General   wpadmin   August 17, 2020

Executive Summary

  • Taking into consideration the prevailing situation, numerous relaxations have been granted by the Securities and Exchange Board of India (SEBI) in the past few months.
  • The timeline for submission of financial results under SEBI (LODR) Regulations, 2015, for the quarter/half year/ financial year ended on 31st March, 2020, were extended till 31st July, 2020 and for the quarter/half year ended June 30, 2020, the timeline has been extended to 15th September, 2020.
  • SEBI has dispensed with the requirements of dispatch of hard copies of annual report to shareholders, for all listed entities who conduct their AGM’s until 31st December, 2020.
  • The meetings of the Board and Audit Committees of the listed entities are exempted the stipulated time gap between two meetings, held or proposed to be held between the period 1st December, 2019 and till 31 July, 2020.
  • SEBI also permitted listed Issuers who have issued NCDs/NCRPS/CPs, on or after 1st July, 2020 and intend/propose to list such issued NCDs/NCRPS/CPs, on or before 31st July, 2020, to use available financials as on 31st December, 2019.
  • SEBI has further extended the validity of relaxation from certain regulations of SEBI (Substantial Acquisition of Shares and Takeovers) Regulations, 2011 and SEBI (Buy-Back of Securities) Regulations, 2018 pertaining to open offers and buy-back tender offers opening upto 31st December, 2020.
  • Delay in intimating stock exchanges, beyond the stipulated time period of 2 days from receipt of information, regarding loss of share certificates and issue of duplicate certificates would not attract specified penal provisions for intimations that were made between March 1, 2020 and May 31, 2020.
  • Further relaxation on validity of timeline for compliances as to Right Issues under SEBI (Issue of Capital and Disclosure Requirements) Regulations, 2018, pertaining to Rights Issue opening upto December 31, 2020.

Introduction:

The COVID 19 virus has hit populations around the world and has resulted in many restrictions, including free movement of people, thereby hampering businesses and day to day functioning of companies.

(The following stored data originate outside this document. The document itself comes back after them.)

(* Let $k$ be a field and $\mathsf{E}$ a locally finite $k$-linear category. Then the contravariant functor $\mathcal{N}\mapsto\mathcal{N}^*=\operatorname{Hom}_k(\mathcal{N},k)$ from the category of locally finite right $\mathcal{C}_\mathsf{E}$-comodules to the category of locally finite left $\mathcal{C}_\mathsf{E}$-contramodules is fully faithful; i.e., for locally finite right $\mathcal{C}_\mathsf{E}$-comodules $\mathcal{M},\mathcal{N}$, the map $f\mapsto f^*$ is a bijection from comodule morphisms $\mathcal{M}\to\mathcal{N}$ to contramodule morphisms $\mathcal{N}^*\to\mathcal{M}^*$.
   Context: A small $k$-linear category $\mathsf{E}$ has finite-or-not $k$-vector spaces $\operatorname{Hom}_\mathsf{E}(x,y)$, $k$-bilinear associative composition and identities with $\mathrm{id}_x\ne0$. Write $x\preceq y$ if there are $n\ge1$ and objects $x=z_0,\dots,z_n=y$ with $\operatorname{Hom}_\mathsf{E}(z_{i-1},z_i)\neq0$ for all $i$. $\mathsf{E}$ is locally finite if all $\operatorname{Hom}_\mathsf{E}(x,y)$ are finite-dimensional and every $\{z:x\preceq z\preceq y\}$ is finite. $\mathcal{C}_\mathsf{E}=\bigoplus_{x,y}\mathcal{C}^{x,y}$, $\mathcal{C}^{x,y}=\operatorname{Hom}_\mathsf{E}(x,y)^*$; counit zero on $\mathcal{C}^{x,y}$ for $x\ne y$, evaluation at $\mathrm{id}_x$ on $\mathcal{C}^{x,x}$; comultiplication $\mathcal{C}^{x,y}\to\bigoplus_z\mathcal{C}^{x,z}\otimes\mathcal{C}^{z,y}$ dual to composition $g\otimes h\mapsto hg$. Let $e_x\in\mathcal{C}_\mathsf{E}^*$ be evaluation at $\mathrm{id}_x$ on $\mathcal{C}^{x,x}$ and zero elsewhere. A right comodule is $(\mathcal{N},\nu:\mathcal{N}\to\mathcal{N}\otimes_k\mathcal{C}_\mathsf{E})$ coassociative and counital; for $\varphi\in\mathcal{C}_\mathsf{E}^*$ put $\varphi\cdot n=(\mathrm{id}\otimes\varphi)\nu(n)$. One has $\mathcal{N}=\bigoplus_xe_x\cdot\mathcal{N}$; $\mathcal{N}$ is locally finite if each $e_x\cdot\mathcal{N}$ is finite-dimensional. A left contramodule over a coalgebra $(\mathcal{C},\mu,\epsilon)$ is a space $\mathfrak{P}$ with $\pi:\operatorname{Hom}_k(\mathcal{C},\mathfrak{P})\to\mathfrak{P}$ such that $\pi(c\mapsto\epsilon(c)p)=p$ and, under $\operatorname{Hom}_k(\mathcal{C},\operatorname{Hom}_k(\mathcal{C},\mathfrak{P}))\cong\operatorname{Hom}_k(\mathcal{C}\otimes\mathcal{C},\mathfrak{P})$, $f\mapsto(c'\otimes c''\mapsto f(c'')(c'))$, $\pi(c\mapsto\pi(f(c)))=\pi(f\circ\mu)$; morphisms commute with $\pi$. For $\varphi\in\mathcal{C}^*$ set $\varphi\cdot p=\pi(c\mapsto\varphi(c)p)$. For a left $\mathcal{C}_\mathsf{E}$-contramodule, $\mathfrak{P}\cong\prod_xe_x\cdot\mathfrak{P}$, and $\mathfrak{P}$ is locally finite if each $e_x\cdot\mathfrak{P}$ is finite-dimensional. For a right comodule $\mathcal{N}$, $\mathcal{N}^*$ is a left contramodule with $\pi(g)(n)=\sum_ig(c_i)(n_i)$ where $\nu(n)=\sum_in_i\otimes c_i$. *)

theory Defs
  imports Main "HOL-Library.Function_Algebras"
begin
definition grad_sq :: "(real \<times> real \<Rightarrow> real) \<Rightarrow> real \<times> real \<Rightarrow> real" where
  "grad_sq \<phi> p = (pdu UNIV \<phi> p)\<^sup>2 + (pdv UNIV \<phi> p)\<^sup>2"

definition Xu :: "(real \<times> real \<Rightarrow> real^'n) \<Rightarrow> real \<times> real \<Rightarrow> real^'n" where
  "Xu X = pdu discB X"

definition Xv :: "(real \<times> real \<Rightarrow> real^'n) \<Rightarrow> real \<times> real \<Rightarrow> real^'n" where
  "Xv X = pdv discB X"

definition Wf :: "(real \<times> real \<Rightarrow> real^'n) \<Rightarrow> real \<times> real \<Rightarrow> real" where
  "Wf X p = Xu X p \<bullet> Xu X p"

definition immersion :: "(real \<times> real \<Rightarrow> real^'n) \<Rightarrow> bool" where
  "immersion X = (\<forall>p\<in>discB. \<forall>a b. a *\<^sub>R Xu X p + b *\<^sub>R Xv X p = 0 \<longrightarrow> a = 0 \<and> b = 0)"

definition conformal :: "(real \<times> real \<Rightarrow> real^'n) \<Rightarrow> bool" where
  "conformal X = (\<forall>p\<in>discB. Xu X p \<bullet> Xu X p = Xv X p \<bullet> Xv X p \<and> Xu X p \<bullet> Xv X p = 0)"

definition unit_normal_field :: "(real \<times> real \<Rightarrow> real^'n) \<Rightarrow> (real \<times> real \<Rightarrow> real^'n) \<Rightarrow> bool" where
  "unit_normal_field X Z = (\<forall>p\<in>discB. Z p \<bullet> Z p = 1 \<and> Z p \<bullet> Xu X p = 0 \<and> Z p \<bullet> Xv X p = 0)"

Developments arising due to the spread of the virus require the need for temporary relaxations in compliance requirements for listed entities.

Taking into consideration the prevailing situation, the Securities and Exchange Board of India (SEBI) has granted numerous relaxations to listed entities (having listed equity shares or convertibles) from compliance with certain provisions of the Securities and Exchange Board of India (Listing Obligations and Disclosure Requirements) Regulations, 2015 (LODR), Board and Committee Meetings, SEBI (Substantial Acquisition of Shares and Takeovers) Regulations, 2011, SEBI (Depositories and Participants) Regulations, 2018 etc.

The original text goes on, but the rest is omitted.